"Wilk z Wall Street" to triumfujący film biograficzny, który pokazuje zawrotne życie Jordana Belforta, jednego z najbardziej kontrowersyjnych postaci z kręgów amerykańskich finansów. W reżyserii niezrównanego Martina Scorsese, film ten opowiada o meteorycznym wzroście i równie spektakularnym upadku człowieka, który stał się synonimem finansowych ekscesów lat 90. Główną rolę brawurowo gra Leonardo DiCaprio, którego kreacja jest zarazem fascynująca i odpychająca. Aktor sportretował Belforta jako postać pełną charyzmy, lecz pozbawioną hamulców moralnych.

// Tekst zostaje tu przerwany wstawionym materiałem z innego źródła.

(* Let $\mathcal{K}$ be a $2$-category with pseudolimits of arrows and powers by the free-living isomorphism, and let $f\colon A\to B$ be a morphism. Then: (1) $f$ is a representable isofibration if and only if $w_f\colon A^{\mathbb{I}}\to L_f$ is a representable isofibration; (2) $f$ is a normal isofibration if and only if $w_f$ is a normal isofibration. In either case, $w_f$ is then a retract equivalence.
   Context: $\mathbb{I}$ is the category with two objects and an isomorphism between them; $A^{\mathbb{I}}$ is the power of $A$ by $\mathbb{I}$ (equivalently the pseudolimit of $1_A$), with projections $\mathrm{dom},\mathrm{cod}\colon A^{\mathbb{I}}\to A$. The pseudolimit of $f$ is an object $L_f$ with $u_f\colon L_f\to A$, $v_f\colon L_f\to B$ and invertible $\lambda_f\colon v_f\cong fu_f$, universal among such data; it may be constructed as the pullback of $\mathrm{cod}\colon B^{\mathbb{I}}\to B$ along $f$. $w_f\colon A^{\mathbb{I}}\to L_f$ is the induced morphism with $u_fw_f=\mathrm{cod}$ and whose composite with the projection $L_f\to B^{\mathbb{I}}$ is $f^{\mathbb{I}}$ (it is the Leibniz power of $f$ by the inclusion $1\to\mathbb{I}$). An equivalence $f$ is a retract equivalence if it has a section (equivalently, it has equivalence data with counit an identity). A morphism $f\colon A\to B$ is a representable isofibration if for every object $X$, given $g\colon X\to A$, $h\colon X\to B$ and invertible $\alpha\colon fg\cong h$, there exist $h'\colon X\to A$ and invertible $\alpha'\colon g\cong h'$ with $f\alpha'=\alpha$. A cleavage is a choice of such $(\alpha',h')$ for every $(g,\alpha,h)$, natural in $X$; it is normal if $\alpha'$ is an identity whenever $\alpha$ is. A normal isofibration is a representable isofibration admitting a normal cleavage. *)

theory Defs
  imports Main
begin

text \<open>Ob: objects; Ar: 1-cells; sr/tg: source and target object of a 1-cell;
  Ce: 2-cells; d2/c2: domain and codomain 1-cell of a 2-cell;
  cmp g f: composite g after f of 1-cells; i1 A: identity 1-cell;
  vc \<beta> \<alpha>: vertical composite (\<beta> after \<alpha>); hc \<beta> \<alpha>: horizontal composite;
  i2 f: identity 2-cell on f.\<close>

record ('o, 'm, 'c) twocat =
  Ob  :: "'o set"
  Ar  :: "'m set"
  sr  :: "'m \<Rightarrow> 'o"
  tg  :: "'m \<Rightarrow> 'o"
  Ce  :: "'c set"
  d2  :: "'c \<Rightarrow> 'm"
  c2  :: "'c \<Rightarrow> 'm"
  cmp :: "'m \<Rightarrow> 'm \<Rightarrow> 'm"
  i1  :: "'o \<Rightarrow> 'm"
  vc  :: "'c \<Rightarrow> 'c \<Rightarrow> 'c"
  hc  :: "'c \<Rightarrow> 'c \<Rightarrow> 'c"
  i2  :: "'m \<Rightarrow> 'c"

definition hom :: "('o,'m,'c,'x) twocat_scheme \<Rightarrow> 'o \<Rightarrow> 'o \<Rightarrow> 'm set" where
  "hom C X Y = {m \<in> Ar C. sr C m = X \<and> tg C m = Y}"

definition cells :: "('o,'m,'c,'x) twocat_scheme \<Rightarrow> 'm \<Rightarrow> 'm \<Rightarrow> 'c set" where
  "cells C f g = {\<alpha> \<in> Ce C. d2 C \<alpha> = f \<and> c2 C \<alpha> = g}"

definition two_category :: "('o,'m,'c,'x) twocat_scheme \<Rightarrow> bool" where
  "two_category C \<longleftrightarrow>
    \<comment> \<open>underlying 1-category\<close>
    (\<forall>f\<in>Ar C. sr C f \<in> Ob C \<and> tg C f \<in> Ob C) \<and>
    (\<forall>A\<in>Ob C. i1 C A \<in> hom C A A) \<and>
    (\<forall>f\<in>Ar C. \<forall>g\<in>Ar C. sr C g = tg C f \<longrightarrow> cmp C g f \<in> hom C (sr C f) (tg C g)) \<and>
    (\<forall>f\<in>Ar C. \<forall>g\<in>Ar C. \<forall>h\<in>Ar C. sr C g = tg C f \<longrightarrow> sr C h = tg C g \<longrightarrow>
        cmp C h (cmp C g f) = cmp C (cmp C h g) f) \<and>
    (\<forall>f\<in>Ar C. cmp C (i1 C (tg C f)) f = f \<and> cmp C f (i1 C (sr C f)) = f) \<and>
    \<comment> \<open>2-cells go between parallel 1-cells; vertical structure\<close>
    (\<forall>\<alpha>\<in>Ce C. d2 C \<alpha> \<in> Ar C \<and> c2 C \<alpha> \<in> Ar C \<and>
        sr C (d2 C \<alpha>) = sr C (c2 C \<alpha>) \<and> tg C (d2 C \<alpha>) = tg C (c2 C \<alpha>)) \<and>
    (\<forall>f\<in>Ar C. i2 C f \<in> cells C f f) \<and>
    (\<forall>\<alpha>\<in>Ce C. \<forall>\<beta>\<in>Ce C. d2 C \<beta> = c2 C \<alpha> \<longrightarrow> vc C \<beta> \<alpha> \<in> cells C (d2 C \<alpha>) (c2 C \<beta>)) \<and>
    (\<forall>\<alpha>\<in>Ce C. \<forall>\<beta>\<in>Ce C. \<forall>\<gamma>\<in>Ce C. d2 C \<beta> = c2 C \<alpha> \<longrightarrow> d2 C \<gamma> = c2 C \<beta> \<longrightarrow>
        vc C \<gamma> (vc C \<beta> \<alpha>) = vc C (vc C \<gamma> \<beta>) \<alpha>) \<and>
    (\<forall>\<alpha>\<in>Ce C. vc C (i2 C (c2 C \<alpha>)) \<alpha> = \<alpha> \<and> vc C \<alpha> (i2 C (d2 C \<alpha>)) = \<alpha>) \<and>
    \<comment> \<open>horizontal composition, a functor on hom-categories\<close>
    (\<forall>\<alpha>\<in>Ce C. \<forall>\<beta>\<in>Ce C. sr C (d2 C \<beta>) = tg C (d2 C \<alpha>) \<longrightarrow>
        hc C \<beta> \<alpha> \<in> cells C (cmp C (d2 C \<beta>) (d2 C \<alpha>)) (cmp C (c2 C \<beta>) (c2 C \<alpha>))) \<and>
    (\<forall>\<alpha>\<in>Ce C. \<forall>\<beta>\<in>Ce C. \<forall>\<gamma>\<in>Ce C. sr C (d2 C \<beta>) = tg C (d2 C \<alpha>) \<longrightarrow>
        sr C (d2 C \<gamma>) = tg C (d2 C \<beta>) \<longrightarrow>
        hc C \<gamma> (hc C \<beta> \<alpha>) = hc C (hc C \<gamma> \<beta>) \<alpha>) \<and>
    (\<forall>\<alpha>\<in>Ce C. hc C (i2 C (i1 C (tg C (d2 C \<alpha>)))) \<alpha> = \<alpha> \<and>
               hc C \<alpha> (i2 C (i1 C (sr C (d2 C \<alpha>)))) = \<alpha>) \<and>
    (\<forall>f\<in>Ar C. \<forall>g\<in>Ar C. sr C g = tg C f \<longrightarrow> hc C (i2 C g) (i2 C f) = i2 C (cmp C g f)) \<and>
    (\<forall>\<alpha>\<in>Ce C. \<forall>\<alpha>'\<in>Ce C. \<forall>\<beta>\<in>Ce C. \<forall>\<beta>'\<in>Ce C.
        d2 C \<alpha>' = c2 C \<alpha> \<longrightarrow> d2 C \<beta>' = c2 C \<beta> \<longrightarrow> sr C (d2 C \<beta>) = tg C (d2 C \<alpha>) \<longrightarrow>
        hc C (vc C \<beta>' \<beta>) (vc C \<alpha>' \<alpha>) = vc C (hc C \<beta>' \<alpha>') (hc C \<beta> \<alpha>))"

definition lw :: "('o,'m,'c,'x) twocat_scheme \<Rightarrow> 'm \<Rightarrow> 'c \<Rightarrow> 'c" where
  "lw C f \<alpha> = hc C (i2 C f) \<alpha>"

definition rw :: "('o,'m,'c,'x) twocat_scheme \<Rightarrow> 'c \<Rightarrow> 'm \<Rightarrow> 'c" where
  "rw C \<alpha> f = hc C \<alpha> (i2 C f)"

definition iso2 :: "('o,'m,'c,'x) twocat_scheme \<Rightarrow> 'c \<Rightarrow> bool" where
  "iso2 C \<alpha> \<longleftrightarrow> \<alpha> \<in> Ce C \<and>
     (\<exists>\<beta> \<in> cells C (c2 C \<alpha>) (d2 C \<alpha>).
        vc C \<beta> \<alpha> = i2 C (d2 C \<alpha>) \<and> vc C \<alpha> \<beta> = i2 C (c2 C \<alpha>))"

text \<open>(L, u, v, lam) is a pseudolimit of f : A \<rightarrow> B, with lam : v \<cong> f u invertible;
  the universal property is the (strict) isomorphism of categories between
  K(X, L) and the category of pseudo-cones over f with vertex X.\<close>

definition pseudolimit ::
  "('o,'m,'c,'x) twocat_scheme \<Rightarrow> 'm \<Rightarrow> 'o \<Rightarrow> 'm \<Rightarrow> 'm \<Rightarrow> 'c \<Rightarrow> bool" where
  "pseudolimit C f L u v lam \<longleftrightarrow>
     f \<in> Ar C \<and> L \<in> Ob C \<and> u \<in> hom C L (sr C f) \<and> v \<in> hom C L (tg C f) \<and>
     lam \<in> cells C v (cmp C f u) \<and> iso2 C lam \<and>
     (\<forall>X\<in>Ob C. \<forall>a\<in>hom C X (sr C f). \<forall>b\<in>hom C X (tg C f).
        \<forall>\<beta>\<in>cells C b (cmp C f a). iso2 C \<beta> \<longrightarrow>
          (\<exists>!m. m \<in> hom C X L \<and> cmp C u m = a \<and> cmp C v m = b \<and> rw C lam m = \<beta>)) \<and>
     (\<forall>X\<in>Ob C. \<forall>m\<in>hom C X L. \<forall>m'\<in>hom C X L.
        \<forall>\<theta>u\<in>cells C (cmp C u m) (cmp C u m'). \<forall>\<theta>v\<in>cells C (cmp C v m) (cmp C v m').
          vc C (lw C f \<theta>u) (rw C lam m) = vc C (rw C lam m') \<theta>v \<longrightarrow>
          (\<exists>!\<theta>. \<theta> \<in> cells C m m' \<and> lw C u \<theta> = \<theta>u \<and> lw C v \<theta> = \<theta>v))"

text \<open>(P, d, c, \<iota>) is the power of A by the free-living isomorphism \<I>
  (equivalently the pseudolimit of the identity of A), with \<iota> : d \<cong> c.\<close>

definition iso_power ::
  "('o,'m,'c,'x) twocat_scheme \<Rightarrow> 'o \<Rightarrow> 'o \<Rightarrow> 'm \<Rightarrow> 'm \<Rightarrow> 'c \<Rightarrow> bool" where
  "iso_power C A P d c \<iota> \<longleftrightarrow>
     A \<in> Ob C \<and> P \<in> Ob C \<and> d \<in> hom C P A \<and> c \<in> hom C P A \<and>
     \<iota> \<in> cells C d c \<and> iso2 C \<iota> \<and>
     (\<forall>X\<in>Ob C. \<forall>a\<in>hom C X A. \<forall>b\<in>hom C X A.
        \<forall>\<alpha>\<in>cells C a b. iso2 C \<alpha> \<longrightarrow>
          (\<exists>!m. m \<in> hom C X P \<and> cmp C d m = a \<and> cmp C c m = b \<and> rw C \<iota> m = \<alpha>)) \<and>
     (\<forall>X\<in>Ob C. \<forall>m\<in>hom C X P. \<forall>m'\<in>hom C X P.
        \<forall>\<sigma>d\<in>cells C (cmp C d m) (cmp C d m'). \<forall>\<sigma>c\<in>cells C (cmp C c m) (cmp C c m').
          vc C (rw C \<iota> m') \<sigma>d = vc C \<sigma>c (rw C \<iota> m) \<longrightarrow>
          (\<exists>!\<sigma>. \<sigma> \<in> cells C m m' \<and> lw C d \<sigma> = \<sigma>d \<and> lw C c \<sigma> = \<sigma>c))"

definition has_pseudolimits_of_arrows :: "('o,'m,'c,'x) twocat_scheme \<Rightarrow> bool" where
  "has_pseudolimits_of_arrows C \<longleftrightarrow>
     (\<forall>f\<in>Ar C. \<exists>L u v lam. pseudolimit C f L u v lam)"

definition has_iso_powers :: "('o,'m,'c,'x) twocat_scheme \<Rightarrow> bool" where
  "has_iso_powers C \<longleftrightarrow> (\<forall>A\<in>Ob C. \<exists>P d c \<iota>. iso_power C A P d c \<iota>)"

definition rep_isofib :: "('o,'m,'c,'x) twocat_scheme \<Rightarrow> 'm \<Rightarrow> bool" where
  "rep_isofib C f \<longleftrightarrow> f \<in> Ar C \<and>
     (\<forall>X\<in>Ob C. \<forall>g\<in>hom C X (sr C f). \<forall>h\<in>hom C X (tg C f).
        \<forall>\<alpha>\<in>cells C (cmp C f g) h. iso2 C \<alpha> \<longrightarrow>
          (\<exists>h'\<in>hom C X (sr C f). \<exists>\<alpha>'\<in>cells C g h'. iso2 C \<alpha>' \<and> lw C f \<alpha>' = \<alpha>))"

text \<open>A cleavage for f: a choice cl g \<alpha> = \<alpha>' (with h' = codomain of \<alpha>') for every
  lifting problem (g, \<alpha>, h), natural in X (stable under precomposition).\<close>

definition cleavage :: "('o,'m,'c,'x) twocat_scheme \<Rightarrow> 'm \<Rightarrow> ('m \<Rightarrow> 'c \<Rightarrow> 'c) \<Rightarrow> bool" where
  "cleavage C f cl \<longleftrightarrow> f \<in> Ar C \<and>
     (\<forall>X\<in>Ob C. \<forall>g\<in>hom C X (sr C f). \<forall>h\<in>hom C X (tg C f).
        \<forall>\<alpha>\<in>cells C (cmp C f g) h. iso2 C \<alpha> \<longrightarrow>
          c2 C (cl g \<alpha>) \<in> hom C X (sr C f) \<and> cl g \<alpha> \<in> cells C g (c2 C (cl g \<alpha>)) \<and>
          iso2 C (cl g \<alpha>) \<and> lw C f (cl g \<alpha>) = \<alpha> \<and>
          (\<forall>Y\<in>Ob C. \<forall>k\<in>hom C Y X. cl (cmp C g k) (rw C \<alpha> k) = rw C (cl g \<alpha>) k))"

definition normal_cleavage :: "('o,'m,'c,'x) twocat_scheme \<Rightarrow> 'm \<Rightarrow> ('m \<Rightarrow> 'c \<Rightarrow> 'c) \<Rightarrow> bool" where
  "normal_cleavage C f cl \<longleftrightarrow> cleavage C f cl \<and>
     (\<forall>X\<in>Ob C. \<forall>g\<in>hom C X (sr C f). cl g (i2 C (cmp C f g)) = i2 C g)"

definition normal_isofib :: "('o,'m,'c,'x) twocat_scheme \<Rightarrow> 'm \<Rightarrow> bool" where
  "normal_isofib C f \<longleftrightarrow> rep_isofib C f \<and> (\<exists>cl. normal_cleavage C f cl)"

definition equivalence :: "('o,'m,'c,'x) twocat_scheme \<Rightarrow> 'm \<Rightarrow> bool" where
  "equivalence C f \<longleftrightarrow> f \<in> Ar C \<and>
     (\<exists>g\<in>hom C (tg C f) (sr C f).
        (\<exists>\<eta>\<in>cells C (i1 C (sr C f)) (cmp C g f). iso2 C \<eta>) \<and>
        (\<exists>\<epsilon>\<in>cells C (cmp C f g) (i1 C (tg C f)). iso2 C \<epsilon>))"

Belfort, zaczynając swoją karierę na Wall Street w młodym wieku, szybko zrozumiał, jak można manipulować rynkiem dla własnych korzyści. Jego firma, Stratton Oakmont, w krótkim czasie stała się symbolem kultury hedonizmu i korupcji. Film nie szczędzi widza w ukazywaniu szalonych imprez, dekadenckiego trybu życia pełnego narkotyków, alkoholu i prostytutek, które stały się integralną częścią codzienności Belforta oraz jego współpracowników.
Pod przewodnią batutą Scorsese, historia nie traci dynamiki ani na moment, ukazując wzloty i upadki Belforta wraz z narastającymi komplikacjami prawnymi w postaci nieustępliwego agenta FBI Patricka Denhama, granego przez Kyle'a Chandlera. Jest to jednak film, który choć olśniewa wizualnie i przyciąga uwagę, pozostawia także widza z gorzkim poczuciem moralnej pustki, która towarzyszy życie bohaterów.
Nie brakuje spektakularnych momentów, jak choćby zatonięcie jachtu czy ekscesy, które doprowadzają do wydawania fortun w ekspresowym tempie. Bogactwo i korupcja idą tu w parze, a szalone tempo opowieści doskonale oddaje prawdziwe życie Belforta — życie od jednego szalonego dnia do kolejnego. Krytycy mogą skrytykować film za brak moralnego osądu, ale rozmach i intensywność produkcji Scorsese czynią ją niezapomnianym widowiskiem. "Wilk z Wall Street" to film, który jak żadny inny uchwycił blichtr i degrengoladę świata wielkich finansów.